The core of the allegory is in its definition of love, – the true and the eternal as distinguished from the false and the ephemeral. Life is subject to many changes, and so is what is (ordinary called) Love among men: “One is cast down to the earth, and one is lifted on high like the glorious sun. Blessed is he who has wit to learn how the flavor of fortune may change and turn. Whose head is not raised in his high estate, nor his heart in misfortune made desolate”.
False love is only a toy for self-indulgence. Self –not the other- is the governing motive:
“When love is not perfect, with one sole, thought himself, is the heart of the lover fraught. He looks on his love as a charming toy, the spring and source of his selfish joy. One rose he would pluck from his love, a leave a hundred thorns her lone heart to grieve”.
Just as –in human affairs- there is true and false love, so in our inner and higher life, there is a divine love that transcends all human love. This is the contrast between the Al-‘ishiq al-haqiqi: and the Al-‘Ishq Al-Majazi =
“ How blest is he who can close his eye and let the vain pageants of life pass by!—Untouched by the magic of earth can keep his soul awake while the senses sleep; scorn the false and the fleeting that meet the view, and see what is hidden and firm and true!”
To the meek and lowly, who seek God’s love in sincerity and are willing to sacrifice all that the external world holds dear, God grants His love in abundant measure. For every sin, followed by repentance and right will, there is forgiveness; but for persistent pride and hardness of heart there is nothing but the abyss.
This allegory has sometimes been compared to that of Cupid and Psyche in western literature. It goes back to Greek and Roman times. Cupid (or Eros) is Love (masculine); Psyche (feminine) is the human soul. The Platonic and Neo-Platonism philosophy built up a doctrine of the human soul, caught in the snare of matter and sensuality, which must be raised up to its pristine purity by Love. The most picturesque form in which the allegory was worked up was by Apuleius (born about 125 A.D.). it forms an episode in his Latin work: [The Metamorphoses, or the Golden Ass]. Here Psyche is the human soul whom Cupid (love) carries off to a secluded spot. She is charged to check her curiosity and enjoy her bliss. Venus (earthly love) is jealous and makes Psyche break Love’s condition, whereupon Love leaves her, and she falls into servitude to Venus (carnal love).

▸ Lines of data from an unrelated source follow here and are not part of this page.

(* Let $L$ be a finite $\mathcal{L}$-lattice with $|L|\le n$. Then $L$ has the interpolation property iff every valid $a\le b$ with at most $n$ right variables has an interpolant, i.e. a formula $i$ whose variables are all intersection variables of $a,b$ such that $a\le i$ and $i\le b$ are valid.
   Context: A lattice-oriented signature $\mathcal{L}$ is a finite set of connectives. Each connective $c$ has an arity $n_c\in\mathbb{N}$ and a polarity $p_c:\{1,\dots,n_c\}\to\{-,+\}$. The signature contains binary connectives $\lor,\land,\to$ with $p_\lor(1)=p_\lor(2)=p_\land(1)=p_\land(2)=+$, $p_\to(1)=-$ and $p_\to(2)=+$; nullary connectives are truth constants. A finite $\mathcal{L}$-lattice is a finite set $L$ together with an $n_c$-ary operation $c^L$ on $L$ for each connective $c$, such that: - $(L,\lor^L,\land^L)$ is a lattice, with order $x\le y$ iff $x\land y=x$; its top element is denoted $1$; - $c^L$ is monotone in every argument $i$ with $p_c(i)=+$ and antitone in every argument $i$ with $p_c(i)=-$; - for all $a,b\in L$: $1\le a\to^L b$ iff $a\le b$. Formulas (words) are built from propositional variables using the connectives. A valuation assigns elements of $L$ to the variables and extends to all formulas via the operations $c^L$. For formulas $a,b$, "$a\le b$ is valid" means that the value of $a$ is $\le$ the value of $b$ under every valuation. For a valid $a\le b$, the variables occurring only in $a$ are the left variables, those occurring only in $b$ are the right variables, and those occurring in both are the intersection variables. $L$ has the interpolation property iff for all formulas $a,b$ with $a\le b$ valid there is a formula $i$ whose variables are all intersection variables of $a,b$ such that $a\le i$ and $i\le b$ are valid. If there are no intersection variables, $i$ must be a closed formula. *)

theory Defs
  imports Main
begin
theorem mainTheorem1:
  fixes \<alpha> :: real
  assumes "\<alpha> > -1/2" and "\<alpha> \<notin> \<int>"
  shows "(\<lambda>n::nat. fourier_coeff (phi \<alpha>) (int n)
            - of_real (2 powr \<alpha> / Gamma (-\<alpha>) * real n powr (-\<alpha> - 1)))
           \<in> o(\<lambda>n. of_real (real n powr (-\<alpha> - 1))) \<and>
         (\<lambda>n::nat. fourier_coeff (phi \<alpha>) (- int n)
            - of_real ((-1) ^ n * (2 powr \<alpha> / Gamma (-\<alpha>)) * real n powr (-\<alpha> - 1)))
           \<in> o(\<lambda>n. of_real (real n powr (-\<alpha> - 1)))"
proof -
  have \<alpha>: "\<alpha> > -1" "\<alpha> \<notin> \<int>" using assms by auto
  let ?K = "2 powr \<alpha> / Gamma (-\<alpha>)"
  define c where "c n = acoef \<alpha> n * rho \<alpha> n - ?K * real n powr (-\<alpha> - 1)" for n
  have c: "c \<in> o(\<lambda>n. real n powr (-\<alpha> - 1))"
    unfolding c_def by (rule acoef_rho_asymp[OF \<alpha>])
  have pos: "eventually (\<lambda>n. fourier_coeff (phi \<alpha>) (int n) - of_real (?K * real n powr (-\<alpha> - 1))
          = of_real (c n)) sequentially"
    using eventually_gt_real_sequentially[of \<alpha>]
    by eventually_elim (simp add: fourier_coeff_phi_nat[OF \<alpha>] c_def)
  have neg: "eventually (\<lambda>n. fourier_coeff (phi \<alpha>) (- int n)
          - of_real ((-1) ^ n * ?K * real n powr (-\<alpha> - 1)) = of_real ((-1)^n * c n)) sequentially"
    using eventually_gt_real_sequentially[of \<alpha>]
    by eventually_elim (simp add: fourier_coeff_phi_neg_nat[OF \<alpha>] c_def algebra_simps)
  have "(\<lambda>n. complex_of_real (c n)) \<in> o(\<lambda>n. of_real (real n powr (-\<alpha> - 1)))"
       "(\<lambda>n. complex_of_real ((-1)^n * c n)) \<in> o(\<lambda>n. of_real (real n powr (-\<alpha> - 1)))"
    using c smallo_alternating_sign[OF c] by (simp_all only: landau_o.small.of_real_iff)
  with landau_o.small.in_cong[OF pos] landau_o.small.in_cong[OF neg] show ?thesis by blast
qed

end
lemma orbit_unique_if_inj_on:
  fixes q1 q2 :: "int \<Rightarrow> 'a"
  assumes "inj_on f A"
    and orbit1: "\<And>t. f (q1 t) = q1 (t + 1)" "\<And>t. q1 t \<in> A"
    and orbit2: "\<And>t. f (q2 t) = q2 (t + 1)" "\<And>t. q2 t \<in> A"
    and start: "q1 0 = q2 0"
  shows "q1 = q2"
proof
  fix t :: int
  have future: "q1 (int n) = q2 (int n)" for n
    using orbit_funpow[of f q1 n 0] orbit_funpow[of f q2 n 0] orbit1(1) orbit2(1) start by simp
  have past: "q1 (- int n) = q2 (- int n)" for n
  proof (induction n)
    case 0
    then show ?case using start by simp
  next
    case (Suc n)
    have "f (q1 (- int (Suc n))) = f (q2 (- int (Suc n)))"
      using orbit1(1)[of "- int (Suc n)"] orbit2(1)[of "- int (Suc n)"] Suc by simp
    then show ?case
      using inj_onD[OF assms(1)] orbit1(2) orbit2(2) by blast
  qed
  show "q1 t = q2 t"
    using future[of "nat t"] past[of "nat (- t)"] by (cases "0 \<le> t") simp_all
qed

section \<open>The cells and the maps f_a and f_{a,b}\<close>

lemma nat_eq_if_interval_overlap:
  fixes i j :: nat and t :: real
  assumes "real i - 1 < t" "t < real i" "real j - 1 \<le> t" "t \<le> real j"
  shows "i = j"
proof -
  have "real i < real (j + 1)" "real j < real (i + 1)"
    using assms by simp_all
  then show ?thesis
    by linarith
qed

locale hc_parameters =
  fixes m :: nat and a b :: real
  assumes m_ge_2: "m \<ge> 2"
    and a_pos: "0 < a" and a_less: "a < 1 / real m"
    and b_pos: "0 < b" and b_less: "b < 1 / real m"
begin

lemma m_pos: "0 < real m"
  using m_ge_2 by simp

lemma ma_less_1: "real m * a < 1"
  using a_less m_ge_2 by (simp add: field_simps)

lemma mb_less_1: "real m * b < 1"
  using b_less m_ge_2 by (simp add: field_simps)

definition open_cell :: "nat \<Rightarrow> (real \<times> real) set" where
  "open_cell i =
    (if i \<le> m then {(real i - 1) * a <..< real i * a} \<times> {0 <..< 1}
     else {real m * a <..< 1} \<times> {(real i - real m - 1) / real m <..< (real i - real m) / real m})"

lemma interior_OmegaP:
  assumes "i \<in> {1..2*m}"
  shows "interior (OmegaP m a i) = open_cell i"
proof -
  consider "i \<le> m" | "m + 1 \<le> i \<and> i \<le> 2*m - 1" | "i = 2*m"
    using assms by force
  then show ?thesis
  proof cases
    case 1
    then show ?thesis
      using assms by (simp add: OmegaP_def open_cell_def interior_Times)
  next
    case 2
    then show ?thesis
      using assms by (simp add: OmegaP_def open_cell_def interior_Times)
  next
    case 3
    have "(real i - real m - 1) / real m = (real m - 1) / real m" "(real i - real m) / real m = 1"
      using 3 m_pos by auto
    moreover have "\<not> i \<le> m" "\<not> i \<le> 2*m - 1"
      using 3 m_ge_2 by auto
    ultimately show ?thesis
      using 3 by (simp add: OmegaP_def open_cell_def interior_Times)
  qed
qed

lemma OmegaP_bounds:
  assumes "(x, y) \<in> OmegaP m a j" "j \<in> {1..2*m}"
  shows "j \<le> m \<Longrightarrow> (real j - 1) * a \<le> x \<and> x < real j * a"
    and "m < j \<Longrightarrow> real m * a \<le> x \<and>
           (real j - real m - 1) / real m \<le> y \<and> y \<le> (real j - real m) / real m"
proof -
  show "j \<le> m \<Longrightarrow> (real j - 1) * a \<le> x \<and> x < real j * a"
    using assms by (simp add: OmegaP_def)
  assume "m < j"
  moreover have "j = 2*m \<Longrightarrow> (real j - real m - 1) / real m = (real m - 1) / real m \<and>
                              (real j - real m) / real m = 1"
    using m_pos by auto
  ultimately show "real m * a \<le> x \<and>
           (real j - real m - 1) / real m \<le> y \<and> y \<le> (real j - real m) / real m"
    using assms by (auto simp: OmegaP_def split: if_splits)
qed

lemma OmegaP_index_unique:
  assumes cell: "(x, y) \<in> open_cell i" and i: "i \<in> {1..2*m}"
    and j: "j \<in> {1..2*m}" and mem: "(x, y) \<in> OmegaP m a j"
  shows "j = i"
proof (cases "i \<le> m"; cases "j \<le> m")
  assume "i \<le> m" "j \<le> m"
  then have "real i - 1 < x / a" "x / a < real i" "real j - 1 \<le> x / a" "x / a \<le> real j"
    using cell OmegaP_bounds(1)[OF mem j] a_pos by (auto simp: open_cell_def field_simps)
  then show "j = i"
    by (intro nat_eq_if_interval_overlap[symmetric])
next
  assume "\<not> i \<le> m" "\<not> j \<le> m"
  then have "real i - 1 < real m * y + real m" "real m * y + real m < real i"
    "real j - 1 \<le> real m * y + real m" "real m * y + real m \<le> real j"
    using cell OmegaP_bounds(2)[OF mem j] m_pos by (auto simp: open_cell_def field_simps)
  then show "j = i"
    by (intro nat_eq_if_interval_overlap[symmetric])
next
  assume "i \<le> m" "\<not> j \<le> m"
  moreover have "real i * a \<le> real m * a"
    using \<open>i \<le> m\<close> a_pos by (simp add: mult_right_mono)
  ultimately show "j = i"
    using cell OmegaP_bounds(2)[OF mem j] by (simp add: open_cell_def)
next
  assume "\<not> i \<le> m" "j \<le> m"
  moreover have "real j * a \<le> real m * a"
    using \<open>j \<le> m\<close> a_pos by (simp add: mult_right_mono)
  ultimately show "j = i"
    using cell OmegaP_bounds(1)[OF mem j] by (simp add: open_cell_def)
qed

lemma open_cell_subset_OmegaP: "i \<in> {1..2*m} \<Longrightarrow> open_cell i \<subseteq> OmegaP m a i"
  by (metis interior_OmegaP interior_subset)

lemma idxP_open_cell:
  assumes "(x, y) \<in> open_cell i" "i \<in> {1..2*m}"
  shows "idxP m a (x, y) = i"
  unfolding idxP_def
  using assms open_cell_subset_OmegaP OmegaP_index_unique[OF assms] by (intro some_equality) blast+

definition cell_index :: "real \<times> real \<Rightarrow> nat" where
  "cell_index u = (THE i. i \<in> {1..2*m} \<and> u \<in> interior (OmegaP m a i))"

lemma cell_index_open_cell:
  assumes "(x, y) \<in> open_cell i" "i \<in> {1..2*m}"
  shows "cell_index (x, y) = i"
  unfolding cell_index_def
proof (rule the_equality)
  show "i \<in> {1..2*m} \<and> (x, y) \<in> interior (OmegaP m a i)"
    using assms interior_OmegaP by simp
  fix j
  assume "j \<in> {1..2*m} \<and> (x, y) \<in> interior (OmegaP m a j)"
  then show "j = i"
    using OmegaP_index_unique[OF assms] interior_subset by blast
qed

lemma pia_eq_cell_index: "pia m a u n = cell_index ((fa m a ^^ n) u)"
  by (simp add: pia_def cell_index_def)

lemma open_cell_unit_square:
  assumes "(x, y) \<in> open_cell i" "i \<in> {1..2*m}"
  shows "0 < x \<and> x < 1 \<and> 0 < y \<and> y < 1"
proof (cases "i \<le> m")
  case True
  have "0 \<le> (real i - 1) * a" "real i * a \<le> real m * a"
    using True assms(2) a_pos by (auto simp: mult_right_mono)
  then show ?thesis
    using True assms(1) ma_less_1 by (auto simp: open_cell_def)
next
  case False
  have "0 \<le> real m * a" "0 \<le> (real i - real m - 1) / real m" "(real i - real m) / real m \<le> 1"
    using False assms(2) m_pos a_pos by (auto simp: divide_simps)
  moreover have "real m * a < x" "x < 1" "(real i - real m - 1) / real m < y" "y < (real i - real m) / real m"
    using False assms(1) by (auto simp: open_cell_def)
  ultimately show ?thesis
    by linarith
qed

lemma Fa_open_cell:
  assumes "(x, y) \<in> open_cell i" "i \<in> {1..2*m}"
  shows "Fa m a x = (if i \<le> m then (x - (real i - 1) * a) / a else (x - real m * a) / (1 - real m * a))"
proof (cases "i \<le> m")
  case True
  have x: "(real i - 1) * a < x" "x < real i * a"
    using assms(1) True by (auto simp: open_cell_def)
  have "real i * a \<le> real m * a"
    using True a_pos by (simp add: mult_right_mono)
  then have "x < real m * a"
    using x by linarith
  moreover have "\<lfloor>x / a\<rfloor> = int i - 1"
    using x a_pos by (intro floor_unique) (auto simp: field_simps)
  ultimately show ?thesis
    using True assms(2) by (simp add: Fa_def of_nat_diff)
next
  case False
  then show ?thesis
    using assms(1) by (simp add: Fa_def open_cell_def)
qed

lemma fab_eq:
  "fab m a b (x, y, z) = (fst (fa m a (x, y)), snd (fa m a (x, y)),
     if idxP m a (x, y) \<le> m then (1 - real m * b) * z
     else b * z + 1 - real m * b + b * (real (idxP m a (x, y)) - real m - 1))"
  by (simp add: fab_def Let_def split_def)

lemma fab_open_cell:
  assumes "(x, y) \<in> open_cell i" "i \<in> {1..2*m}"
  shows "fab m a b (x, y, z) =
    (if i \<le> m then ((x - (real i - 1) * a) / a, y / real m + (real i - 1) / real m, (1 - real m * b) * z)
     else ((x - real m * a) / (1 - real m * a), real m * y - real i + real m + 1,
           b * z + 1 - real m * b + b * (real i - real m - 1)))"
  using assms by (simp add: fab_eq fa_def idxP_open_cell Fa_open_cell)
(* Let $h,n\geq 2$. If every subgroup of $G=S_h\times S_n$ is a symmetry group with respect to $(h,n)$, then $\gcd(h,n!)=1$.
   Context: Permutations compose as $(\sigma\tau)(x)=\sigma(\tau(x))$. Let $\mathcal{P}=(S_n)^h$ (preference profiles), with $G$ acting by $(p^{(\varphi,\psi)})_i=\psi\,p_{\varphi^{-1}(i)}$. A social preference function (SPF) is any $F:\mathcal{P}\to S_n$; its symmetry group is $G(F)=\{(\varphi,\psi)\in G: F(p^{(\varphi,\psi)})=\psi F(p)\ \forall p\}$. $U\leq G$ is a symmetry group with respect to $(h,n)$ if $U=G(F)$ for some SPF $F$. *)

theory Defs
  imports "HOL-Algebra.Sym_Groups"
begin

text \<open>Voters are 1..h, alternatives are 1..n. A profile assigns to each voter
  a permutation of the alternatives; outside the voter set it is id (extensional).\<close>

definition profiles :: "nat \<Rightarrow> nat \<Rightarrow> (nat \<Rightarrow> nat \<Rightarrow> nat) set" where
  "profiles h n = {p. (\<forall>i\<in>{1..h}. p i permutes {1..n}) \<and> (\<forall>i. i \<notin> {1..h} \<longrightarrow> p i = id)}"

definition prof_act :: "nat \<Rightarrow> (nat \<Rightarrow> nat \<Rightarrow> nat) \<Rightarrow> (nat \<Rightarrow> nat) \<times> (nat \<Rightarrow> nat) \<Rightarrow> (nat \<Rightarrow> nat \<Rightarrow> nat)" where
  "prof_act h p g = (\<lambda>i. if i \<in> {1..h} then snd g \<circ> p (Hilbert_Choice.inv (fst g) i) else id)"

definition is_SPF :: "nat \<Rightarrow> nat \<Rightarrow> ((nat \<Rightarrow> nat \<Rightarrow> nat) \<Rightarrow> (nat \<Rightarrow> nat)) \<Rightarrow> bool" where
  "is_SPF h n F \<longleftrightarrow> (\<forall>p\<in>profiles h n. F p permutes {1..n})"

definition spf_symmetry_group :: "nat \<Rightarrow> nat \<Rightarrow> ((nat \<Rightarrow> nat \<Rightarrow> nat) \<Rightarrow> (nat \<Rightarrow> nat)) \<Rightarrow> ((nat \<Rightarrow> nat) \<times> (nat \<Rightarrow> nat)) set" where
  "spf_symmetry_group h n F =
     {(\<phi>, \<psi>). \<phi> permutes {1..h} \<and> \<psi> permutes {1..n} \<and>
        (\<forall>p\<in>profiles h n. F (prof_act h p (\<phi>, \<psi>)) = \<psi> \<circ> F p)}"

definition is_symmetry_group :: "nat \<Rightarrow> nat \<Rightarrow> ((nat \<Rightarrow> nat) \<times> (nat \<Rightarrow> nat)) set \<Rightarrow> bool" where
  "is_symmetry_group h n U \<longleftrightarrow> (\<exists>F. is_SPF h n F \<and> U = spf_symmetry_group h n F)"

end

theory Submission
  imports Defs "HOL-Computational_Algebra.Primes"
begin

text \<open>Suppose a prime \<open>q\<close> divides both \<open>h\<close> and \<open>n!\<close>, so \<open>q \<le> n\<close>. Let \<open>\<phi>\<close> be the \<open>h\<close>-cycle
  \<open>i \<mapsto> i + 1\<close> on the voters and \<open>\<psi>\<close> the \<open>q\<close>-cycle \<open>x \<mapsto> x + 1\<close> on the alternatives
  \<open>1..q\<close>. Since \<open>\<psi>^h = 1\<close>, the profile \<open>p i = \<psi>^(i-1)\<close> is fixed by \<open>(\<phi>, \<psi>)\<close>. If \<open>(\<phi>, \<psi>)\<close>
  is a symmetry of an SPF \<open>F\<close>, then \<open>F p = \<psi> F p\<close>, forcing \<open>\<psi> = 1\<close>. Hence the whole group
  \<open>G\<close> is not a symmetry group.\<close>

definition rotation :: "nat \<Rightarrow> nat \<Rightarrow> nat \<Rightarrow> nat" where
  "rotation q k x = (if x \<in> {1..q} then (x - 1 + k) mod q + 1 else x)"

lemma rotation_add:
  assumes "q > 0"
  shows "rotation q a \<circ> rotation q b = rotation q (a + b)"
proof
  fix x
  show "(rotation q a \<circ> rotation q b) x = rotation q (a + b) x"
  proof (cases "x \<in> {1..q}")
    case True
    have "(x - 1 + b) mod q + 1 \<in> {1..q}"
      using assms by (simp add: Suc_le_eq)
    moreover have "((x - 1 + b) mod q + a) mod q = (x - 1 + (a + b)) mod q"
      unfolding mod_add_left_eq by (simp add: ac_simps)
    ultimately show ?thesis
      using True by (simp add: rotation_def)
  qed (simp add: rotation_def del: atLeastAtMost_iff)
qed

lemma rotation_dvd_eq_id:
  assumes "q dvd k"
  shows "rotation q k = id"
proof
  fix x
  show "rotation q k x = id x"
  proof (cases "x \<in> {1..q}")
    case True
    have "(x - 1 + k) mod q = (x - 1) mod q"
      using assms by (metis add.right_neutral dvd_imp_mod_0 mod_add_right_eq)
    also have "\<dots> = x - 1"
      using True by (intro mod_less) auto
    finally show ?thesis
      using True by (simp add: rotation_def)
  qed (simp add: rotation_def del: atLeastAtMost_iff)
qed

lemma rotation_permutes:
  assumes "q > 0"
  shows "rotation q k permutes {1..q}"
proof -
  have "rotation q k \<circ> rotation q ((q - 1) * k) = id"
       "rotation q ((q - 1) * k) \<circ> rotation q k = id"
    using assms by (simp_all add: rotation_add rotation_dvd_eq_id algebra_simps)
  then have "bij (rotation q k)"
    using o_bij by blast
  then show ?thesis
    unfolding permutes_def by (auto simp: rotation_def bij_iff)
qed

lemma funpow_rotation_one:
  assumes "q > 0"
  shows "rotation q 1 ^^ k = rotation q k"
proof (induction k)
  case 0
  show ?case
    by (simp add: rotation_dvd_eq_id)
next
  case (Suc k)
  then show ?case
    using rotation_add[OF assms, of 1 k] by simp
qed

lemma rotation_one_neq_id:
  assumes "q \<ge> 2"
  shows "rotation q 1 \<noteq> id"
proof
  assume "rotation q 1 = id"
  then have "rotation q 1 1 = 1"
    by simp
  with assms show False
    by (simp add: rotation_def)
qed

lemma powers_profile_fixed_by_rotation:
  assumes "h > 0" and \<psi>: "\<psi> permutes {1..n}" and "\<psi> ^^ h = id"
  defines "p \<equiv> \<lambda>i. if i \<in> {1..h} then \<psi> ^^ (i - 1) else id"
  shows "p \<in> profiles h n" and "prof_act h p (rotation h 1, \<psi>) = p"
proof -
  show "p \<in> profiles h n"
    using permutes_funpow[OF \<psi>] by (simp add: profiles_def p_def)
  have \<phi>: "rotation h 1 permutes {1..h}"
    using assms(1) by (rule rotation_permutes)
  have step: "\<psi> \<circ> p j = p (rotation h 1 j)" if j: "j \<in> {1..h}" for j
  proof -
    obtain k where k: "j = Suc k"
      using j by (cases j) auto
    have "\<psi> \<circ> p j = \<psi> ^^ Suc k"
      using j by (simp add: p_def k)
    also have "\<dots> = p (rotation h 1 j)"
    proof (cases "j = h")
      case True
      then show ?thesis
        using k \<open>\<psi> ^^ h = id\<close> by (simp add: p_def rotation_def)
    next
      case False
      then show ?thesis
        using j k by (simp add: p_def rotation_def)
    qed
    finally show ?thesis .
  qed
  show "prof_act h p (rotation h 1, \<psi>) = p"
  proof
    fix i
    show "prof_act h p (rotation h 1, \<psi>) i = p i"
    proof (cases "i \<in> {1..h}")
      case True
      let ?j = "Hilbert_Choice.inv (rotation h 1) i"
      have "?j \<in> {1..h}" and "rotation h 1 ?j = i"
        using True permutes_in_image[OF permutes_inv[OF \<phi>]] permutes_inverses(1)[OF \<phi>]
        by blast+
      then show ?thesis
        using True step by (simp add: prof_act_def)
    qed (simp add: prof_act_def p_def del: atLeastAtMost_iff)
  qed
qed

lemma symmetry_fixing_profile_eq_id:
  assumes "is_SPF h n F" and "(\<phi>, \<psi>) \<in> spf_symmetry_group h n F"
    and "p \<in> profiles h n" and "prof_act h p (\<phi>, \<psi>) = p"
  shows "\<psi> = id"
proof -
  have "F (prof_act h p (\<phi>, \<psi>)) = \<psi> \<circ> F p"
    using assms(2,3) by (simp add: spf_symmetry_group_def)
  then have "F p = \<psi> \<circ> F p"
    using assms(4) by simp
  moreover have "F p permutes {1..n}"
    using assms(1,3) unfolding is_SPF_def by blast
  then have "surj (F p)"
    by (rule permutes_surj)
  ultimately show ?thesis
    by (metis comp_apply eq_id_iff surjD)
qed

lemma full_symmetry_group_fixed_profile_eq_id:
  assumes "is_symmetry_group h n (carrier (sym_group h \<times>\<times> sym_group n))"
    and "\<phi> permutes {1..h}" and "\<psi> permutes {1..n}"
    and "p \<in> profiles h n" and "prof_act h p (\<phi>, \<psi>) = p"
  shows "\<psi> = id"
proof -
  obtain F where "is_SPF h n F"
    and "spf_symmetry_group h n F = carrier (sym_group h \<times>\<times> sym_group n)"
    using assms(1) unfolding is_symmetry_group_def by blast
  moreover have "(\<phi>, \<psi>) \<in> carrier (sym_group h \<times>\<times> sym_group n)"
    using assms(2,3) by (simp add: sym_group_def)
  ultimately show ?thesis
    using symmetry_fixing_profile_eq_id assms(4,5) by metis
qed

lemma profile_fixed_by_nontrivial_symmetry:
  assumes "h > 0" and "q \<ge> 2" and "q dvd h" and "q \<le> n"
  obtains \<phi> \<psi> p where "\<phi> permutes {1..h}" and "\<psi> permutes {1..n}" and "\<psi> \<noteq> id"
    and "p \<in> profiles h n" and "prof_act h p (\<phi>, \<psi>) = p"
proof -
  let ?\<psi> = "rotation q 1"
  have \<psi>: "?\<psi> permutes {1..n}"
    using permutes_subset[OF rotation_permutes] assms(2,4) by simp
  have "?\<psi> ^^ h = rotation q h"
    using assms(2) by (intro funpow_rotation_one) simp
  also have "\<dots> = id"
    using assms(3) by (rule rotation_dvd_eq_id)
  finally have "?\<psi> ^^ h = id" .
  then show ?thesis
    using that[OF rotation_permutes[OF assms(1)] \<psi> rotation_one_neq_id[OF assms(2)]]
      powers_profile_fixed_by_rotation[OF assms(1) \<psi>]
    by blast
qed

theorem mainTheorem11:
  fixes h n :: nat
  assumes "h \<ge> 2" and "n \<ge> 2"
    and "\<forall>U. subgroup U (sym_group h \<times>\<times> sym_group n) \<longrightarrow> is_symmetry_group h n U"
  shows "gcd h (fact n) = 1"
proof (rule ccontr)
  assume "gcd h (fact n) \<noteq> 1"
  then obtain q :: nat where "prime q" and "q dvd gcd h (fact n)"
    using prime_factor_nat by blast
  then have "q \<ge> 2" and "q dvd h" and "q \<le> n"
    by (simp_all add: prime_ge_2_nat prime_dvd_fact_iff)
  moreover have "h > 0"
    using assms(1) by simp
  ultimately obtain \<phi> \<psi> p where \<phi>: "\<phi> permutes {1..h}" and \<psi>: "\<psi> permutes {1..n}"
    and "\<psi> \<noteq> id" and p: "p \<in> profiles h n" "prof_act h p (\<phi>, \<psi>) = p"
    using profile_fixed_by_nontrivial_symmetry by metis
  have "group (sym_group h \<times>\<times> sym_group n)"
    by (simp add: DirProd_group sym_group_is_group)
  then have "is_symmetry_group h n (carrier (sym_group h \<times>\<times> sym_group n))"
    using assms(3) group.subgroup_self by blast
  then have "\<psi> = id"
    using \<phi> \<psi> p by (rule full_symmetry_group_fixed_profile_eq_id)
  with \<open>\<psi> \<noteq> id\<close> show False ..
qed

end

After many adventures she is restored again by Cupid (true love) and they are re-united. The allegory has attracted many modern writers, including Robert Bridges (who has translated it) and Walter Pater who has adapted it in his: Marius the Epicurean. William Morris has also introduced in his: Earthly Paradise. Among French writers whom it has attracted may be mentioned: La Fontaine the fabulist, and Moliere the dramatist. But the theme of that allegory is not as wide as the theme of the allegory of Yusuf and Zulaikha.